EXERCISE DESCRIPTION:
Using the data below, show every line where the word "assumes" occurs.

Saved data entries
theorem theorem4p4:
  fixes pm :: proc_mode and fm :: fill_mode and A :: state and n t :: nat
  assumes "size A = n" and "n \<ge> 1"
    and "\<And>p. pm = Fixed p \<Longrightarrow> 1 \<le> p \<and> p \<le> n"
    and "fm = NonNeg \<Longrightarrow> (\<forall>x \<in># A. x \<ge> 0)"
  shows "GREEDY pm fm A t = OPT pm fm A t"
proof -
  have "procs pm n \<subseteq> {..n}"
    using assms(3) by (cases pm) auto
  then show ?thesis
    using GREEDY_eq_OPT assms(1,2) by blast
qed

end
lemma asymp_subadditive_of_norm: "asymp_subadditive d"
  unfolding asymp_subadditive_def
proof (intro allI impI)
  fix C :: real assume "C > 1"
  define c where "c = sqrt C"
  have "c > 1" "c * c = C" using \<open>C > 1\<close> by (auto simp: c_def)
  obtain K where "K \<ge> 0" and K: "\<forall>x y. d x y \<le> c * N (x - y) + K \<and> N (x - y) \<le> c * d x y + K"
    using iso \<open>c > 1\<close> unfolding asymp_isometric_iff_bounds by blast
  have "d (\<Sum>i<n. x i) (\<Sum>i<n. y i) \<le> C * (\<Sum>i<n. d (x i) (y i)) + real n * (c * K + K)"
    if "n \<ge> 2" for n and x y :: "nat \<Rightarrow> 'e"
  proof -
    have "N (\<Sum>i<n. x i - y i) \<le> (\<Sum>i<n. N (x i - y i))"
      by (rule is_norm_sum_le)
    also have "\<dots> \<le> (\<Sum>i<n. c * d (x i) (y i) + K)"
      using K by (intro sum_mono) blast
    finally have sum_bound: "N (\<Sum>i<n. x i - y i) \<le> (\<Sum>i<n. c * d (x i) (y i) + K)" .
    have "d (\<Sum>i<n. x i) (\<Sum>i<n. y i) \<le> c * N ((\<Sum>i<n. x i) - (\<Sum>i<n. y i)) + K"
      using K by blast
    also have "\<dots> \<le> c * (\<Sum>i<n. c * d (x i) (y i) + K) + K"
      using sum_bound \<open>c > 1\<close> by (simp add: sum_subtractf)
    also have "\<dots> = C * (\<Sum>i<n. d (x i) (y i)) + real n * (c * K) + K"
      unfolding \<open>c * c = C\<close>[symmetric] by (simp add: sum.distrib sum_distrib_left algebra_simps)
    also have "\<dots> \<le> C * (\<Sum>i<n. d (x i) (y i)) + real n * (c * K + K)"
      using that \<open>K \<ge> 0\<close> by (simp add: distrib_left mult_le_cancel_right1)
    finally show ?thesis .
  qed
  then show "\<exists>C0\<ge>0. \<forall>n\<ge>2. \<forall>x y :: nat \<Rightarrow> 'e.
      d (\<Sum>i<n. x i) (\<Sum>i<n. y i) \<le> C * (\<Sum>i<n. d (x i) (y i)) + real n * C0"
    using \<open>c > 1\<close> \<open>K \<ge> 0\<close> by (intro exI[of _ "c * K + K"]) auto
qed

end

end

definition growth_ratio ::
  "('k::real_normed_div_algebra \<Rightarrow> 'e::ab_group_add \<Rightarrow> 'e) \<Rightarrow> ('e \<Rightarrow> 'e \<Rightarrow> real) \<Rightarrow> 'e \<Rightarrow> nat \<Rightarrow> real"
  where "growth_ratio smul d z n = d (smul (of_nat n) z) 0 / real n"

(* Unlike the paper's formula, there is no average over the unit sphere: asymptotic
   multiplicativity alone makes the limit exist. *)
definition asymptotic_norm ::
  "('k::real_normed_div_algebra \<Rightarrow> 'e::ab_group_add \<Rightarrow> 'e) \<Rightarrow> ('e \<Rightarrow> 'e \<Rightarrow> real) \<Rightarrow> 'e \<Rightarrow> real"
  where "asymptotic_norm smul d z = lim (growth_ratio smul d z)"

context
  fixes smul :: "'k::real_normed_div_algebra \<Rightarrow> 'e::ab_group_add \<Rightarrow> 'e" and d :: "'e \<Rightarrow> 'e \<Rightarrow> real"
  assumes module: "left_module smul" and metric: "Metric_space UNIV d"
    and mult: "asymp_multiplicative smul d"
begin

lemma growth_ratio_nonneg: "growth_ratio smul d z n \<ge> 0"
  using metric by (simp add: growth_ratio_def Metric_space.nonneg)
lemma exp_le_one_plus_quadratic:
  fixes y :: real
  assumes "y \<le> 1"
  shows "exp y \<le> 1 + y + y\<^sup>2"
proof (cases "0 \<le> y")
  case True
  then show ?thesis using exp_bound assms by blast
next
  case False
  define z where "z = - y"
  have "z > 0" using False by (simp add: z_def)
  have pos: "0 < 1 - z + z\<^sup>2"
    using sum_squares_ge_zero[of "z - 1/2" 0] by (simp add: power2_eq_square algebra_simps)
  have "1 \<le> (1 - z + z\<^sup>2) * (1 + z + z\<^sup>2 / 2)"
  proof -
    have "(1 - z + z\<^sup>2) * (1 + z + z\<^sup>2 / 2) = 1 + z\<^sup>2 / 2 + z ^ 3 / 2 + z ^ 4 / 2"
      by (simp add: field_simps power2_eq_square power3_eq_cube power4_eq_xxxx)
    then show ?thesis using \<open>z > 0\<close> by simp
  qed
  also have "\<dots> \<le> (1 - z + z\<^sup>2) * exp z"
    using exp_lower_Taylor_quadratic[of z] \<open>z > 0\<close> pos by (intro mult_left_mono) auto
  finally have "exp (- z) \<le> 1 - z + z\<^sup>2"
    by (simp add: exp_minus field_simps)
  then show ?thesis by (simp add: z_def)
qed

lemma power2_le_powr_split:
  fixes x c r :: real
  assumes "0 \<le> x" "0 < c" "0 \<le> r"
  shows "x\<^sup>2 \<le> c\<^sup>2 + x powr (2 + r) / c powr r"
proof (cases "x \<le> c")
  case True
  then have "x\<^sup>2 \<le> c\<^sup>2" using assms by (intro power_mono) auto
  then show ?thesis using assms by (simp add: add_increasing2)
next
  case False
  then have "1 \<le> (x / c) powr r" using assms by (intro ge_one_powr_ge_zero) auto
  then have "x\<^sup>2 * 1 \<le> x\<^sup>2 * (x / c) powr r" by (intro mult_left_mono) auto
  also have "\<dots> = x powr (2 + r) / c powr r"
    using assms False by (simp add: powr_add powr_divide flip: powr_numeral)
  finally show ?thesis by (simp add: add_increasing)
qed

context prob_space
begin

lemma expectation_exp_le:
  fixes Y :: "'a \<Rightarrow> real"
  assumes Y: "integrable M Y" and Y2: "integrable M (\<lambda>\<omega>. (Y \<omega>)\<^sup>2)"
    and le_1: "\<And>\<omega>. \<omega> \<in> space M \<Longrightarrow> Y \<omega> \<le> 1"
  shows "expectation (\<lambda>\<omega>. exp (Y \<omega>)) \<le> exp (expectation Y + expectation (\<lambda>\<omega>. (Y \<omega>)\<^sup>2))"
proof -
  have "expectation (\<lambda>\<omega>. exp (Y \<omega>)) \<le> expectation (\<lambda>\<omega>. 1 + Y \<omega> + (Y \<omega>)\<^sup>2)"
  proof (rule integral_mono')
    fix \<omega> assume "\<omega> \<in> space M"
    then show "exp (Y \<omega>) \<le> 1 + Y \<omega> + (Y \<omega>)\<^sup>2" by (rule exp_le_one_plus_quadratic[OF le_1])
    show "0 \<le> 1 + Y \<omega> + (Y \<omega>)\<^sup>2"
      using sum_squares_ge_zero[of "Y \<omega> + 1/2" 0] by (simp add: power2_eq_square algebra_simps)
  qed (use Y Y2 in auto)
  also have "\<dots> = 1 + (expectation Y + expectation (\<lambda>\<omega>. (Y \<omega>)\<^sup>2))"
    using Y Y2 by (simp add: prob_space)
  also have "\<dots> \<le> exp (expectation Y + expectation (\<lambda>\<omega>. (Y \<omega>)\<^sup>2))"
    by (rule exp_ge_add_one_self)
  finally show ?thesis .
qed

lemma integrable_powr_of_le:
  fixes X :: "'a \<Rightarrow> real"
  assumes X[measurable]: "X \<in> borel_measurable M" and nonneg: "\<And>\<omega>. \<omega> \<in> space M \<Longrightarrow> 0 \<le> X \<omega>"
    and int: "integrable M (\<lambda>\<omega>. X \<omega> powr p)" and "0 \<le> q" "q \<le> p"
  shows "integrable M (\<lambda>\<omega>. X \<omega> powr q)"
proof (rule Bochner_Integration.integrable_bound[OF Bochner_Integration.integrable_add[OF integrable_const[of 1] int]])
  have "X \<omega> powr q \<le> 1 + X \<omega> powr p" if "\<omega> \<in> space M" for \<omega>
  proof (cases "X \<omega> \<le> 1")
    case True
    then have "X \<omega> powr q \<le> 1" using nonneg[OF that] \<open>0 \<le> q\<close> by (intro powr_le1) auto
    then show ?thesis by (simp add: add_increasing2)
  next
    case False
    then show ?thesis using \<open>q \<le> p\<close> by (simp add: add_increasing powr_mono)
  qed
  then show "AE \<omega> in M. norm (X \<omega> powr q) \<le> norm (1 + X \<omega> powr p)"
    by (intro AE_I2) auto
qed simp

ANSWER FOR THE TASK:
  assumes "size A = n" and "n \<ge> 1"
  assumes module: "left_module smul" and metric: "Metric_space UNIV d"
  assumes "y \<le> 1"
  assumes "0 \<le> x" "0 < c" "0 \<le> r"
  assumes Y: "integrable M Y" and Y2: "integrable M (\<lambda>\<omega>. (Y \<omega>)\<^sup>2)"
  assumes X[measurable]: "X \<in> borel_measurable M" and nonneg: "\<And>\<omega>. \<omega> \<in> space M \<Longrightarrow> 0 \<le> X \<omega>"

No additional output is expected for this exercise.